Directions = Search the records for "card" and copy each line that holds it.

[Stored data entries]
————————
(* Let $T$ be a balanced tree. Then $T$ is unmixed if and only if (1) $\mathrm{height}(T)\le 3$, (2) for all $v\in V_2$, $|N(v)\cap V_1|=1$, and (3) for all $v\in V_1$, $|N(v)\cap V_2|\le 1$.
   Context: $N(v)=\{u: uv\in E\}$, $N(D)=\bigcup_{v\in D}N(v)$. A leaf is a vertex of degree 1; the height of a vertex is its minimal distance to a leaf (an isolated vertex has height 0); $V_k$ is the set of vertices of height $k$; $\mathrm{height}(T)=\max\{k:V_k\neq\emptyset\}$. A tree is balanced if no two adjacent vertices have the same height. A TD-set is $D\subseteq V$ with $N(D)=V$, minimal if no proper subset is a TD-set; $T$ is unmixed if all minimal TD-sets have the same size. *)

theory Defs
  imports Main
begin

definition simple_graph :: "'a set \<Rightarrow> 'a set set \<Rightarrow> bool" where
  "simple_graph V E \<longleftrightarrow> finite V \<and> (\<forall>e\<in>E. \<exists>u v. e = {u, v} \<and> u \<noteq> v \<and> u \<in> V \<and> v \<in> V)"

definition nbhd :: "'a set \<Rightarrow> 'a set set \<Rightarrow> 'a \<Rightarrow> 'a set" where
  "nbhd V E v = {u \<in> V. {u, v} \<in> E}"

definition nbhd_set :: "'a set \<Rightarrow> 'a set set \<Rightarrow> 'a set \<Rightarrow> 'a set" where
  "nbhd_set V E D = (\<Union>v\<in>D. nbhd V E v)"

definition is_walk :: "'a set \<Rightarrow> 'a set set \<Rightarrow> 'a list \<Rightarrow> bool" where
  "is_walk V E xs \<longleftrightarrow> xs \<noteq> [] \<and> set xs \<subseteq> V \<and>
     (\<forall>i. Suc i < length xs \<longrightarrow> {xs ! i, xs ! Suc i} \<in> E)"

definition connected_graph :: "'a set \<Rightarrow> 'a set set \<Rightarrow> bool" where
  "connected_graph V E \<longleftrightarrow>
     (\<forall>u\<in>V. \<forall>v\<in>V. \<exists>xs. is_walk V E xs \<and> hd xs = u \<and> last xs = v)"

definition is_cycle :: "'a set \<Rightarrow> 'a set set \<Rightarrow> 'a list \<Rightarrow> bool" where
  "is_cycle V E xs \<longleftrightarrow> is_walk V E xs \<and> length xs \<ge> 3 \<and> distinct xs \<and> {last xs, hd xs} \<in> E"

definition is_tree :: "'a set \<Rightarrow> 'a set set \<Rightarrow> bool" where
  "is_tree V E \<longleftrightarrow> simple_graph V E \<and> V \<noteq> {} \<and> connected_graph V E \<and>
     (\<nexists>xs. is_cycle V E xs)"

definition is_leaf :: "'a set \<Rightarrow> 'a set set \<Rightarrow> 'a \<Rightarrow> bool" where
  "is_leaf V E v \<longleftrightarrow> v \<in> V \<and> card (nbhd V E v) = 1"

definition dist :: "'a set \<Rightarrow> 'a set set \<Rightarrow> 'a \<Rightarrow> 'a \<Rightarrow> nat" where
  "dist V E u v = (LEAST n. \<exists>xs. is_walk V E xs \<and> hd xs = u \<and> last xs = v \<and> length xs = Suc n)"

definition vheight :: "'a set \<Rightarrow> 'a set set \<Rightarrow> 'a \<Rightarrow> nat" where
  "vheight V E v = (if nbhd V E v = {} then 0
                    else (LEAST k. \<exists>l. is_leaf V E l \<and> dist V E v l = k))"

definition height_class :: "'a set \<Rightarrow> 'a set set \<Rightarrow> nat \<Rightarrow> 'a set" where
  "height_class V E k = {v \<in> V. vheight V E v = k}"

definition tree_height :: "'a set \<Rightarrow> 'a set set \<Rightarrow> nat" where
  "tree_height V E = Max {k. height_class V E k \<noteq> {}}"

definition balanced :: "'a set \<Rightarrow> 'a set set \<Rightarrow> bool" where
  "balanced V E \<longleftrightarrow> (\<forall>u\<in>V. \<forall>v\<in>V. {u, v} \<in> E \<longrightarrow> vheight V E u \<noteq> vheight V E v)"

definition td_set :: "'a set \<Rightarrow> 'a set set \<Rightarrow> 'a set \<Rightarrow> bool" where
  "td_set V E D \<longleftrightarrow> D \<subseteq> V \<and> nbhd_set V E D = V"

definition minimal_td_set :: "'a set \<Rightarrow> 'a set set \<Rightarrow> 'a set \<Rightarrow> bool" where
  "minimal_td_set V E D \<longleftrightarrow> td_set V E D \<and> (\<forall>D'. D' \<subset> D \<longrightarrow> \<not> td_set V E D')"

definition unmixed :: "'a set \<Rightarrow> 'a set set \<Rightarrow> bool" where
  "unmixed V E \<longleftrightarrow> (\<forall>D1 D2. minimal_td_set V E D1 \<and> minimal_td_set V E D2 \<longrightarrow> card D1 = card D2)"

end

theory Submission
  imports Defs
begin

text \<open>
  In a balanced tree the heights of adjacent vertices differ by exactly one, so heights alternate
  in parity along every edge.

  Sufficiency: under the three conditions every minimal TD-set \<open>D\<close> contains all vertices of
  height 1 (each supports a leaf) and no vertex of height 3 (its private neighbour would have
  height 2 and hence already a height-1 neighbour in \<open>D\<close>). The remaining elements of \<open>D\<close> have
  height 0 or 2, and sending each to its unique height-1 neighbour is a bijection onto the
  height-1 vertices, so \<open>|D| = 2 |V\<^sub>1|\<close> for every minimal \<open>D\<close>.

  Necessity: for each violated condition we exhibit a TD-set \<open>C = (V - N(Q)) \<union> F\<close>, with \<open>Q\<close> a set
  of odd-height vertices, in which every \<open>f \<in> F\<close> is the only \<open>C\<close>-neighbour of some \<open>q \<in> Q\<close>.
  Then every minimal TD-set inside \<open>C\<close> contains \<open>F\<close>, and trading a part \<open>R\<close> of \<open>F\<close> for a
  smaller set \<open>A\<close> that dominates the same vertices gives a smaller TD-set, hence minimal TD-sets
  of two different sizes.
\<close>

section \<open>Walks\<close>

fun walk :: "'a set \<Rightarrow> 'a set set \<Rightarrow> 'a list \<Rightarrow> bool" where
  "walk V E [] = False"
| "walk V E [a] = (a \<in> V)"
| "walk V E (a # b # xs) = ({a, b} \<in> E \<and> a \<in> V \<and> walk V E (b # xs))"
————————
Output for this task =
  "is_leaf V E v \<longleftrightarrow> v \<in> V \<and> card (nbhd V E v) = 1"
  "unmixed V E \<longleftrightarrow> (\<forall>D1 D2. minimal_td_set V E D1 \<and> minimal_td_set V E D2 \<longrightarrow> card D1 = card D2)"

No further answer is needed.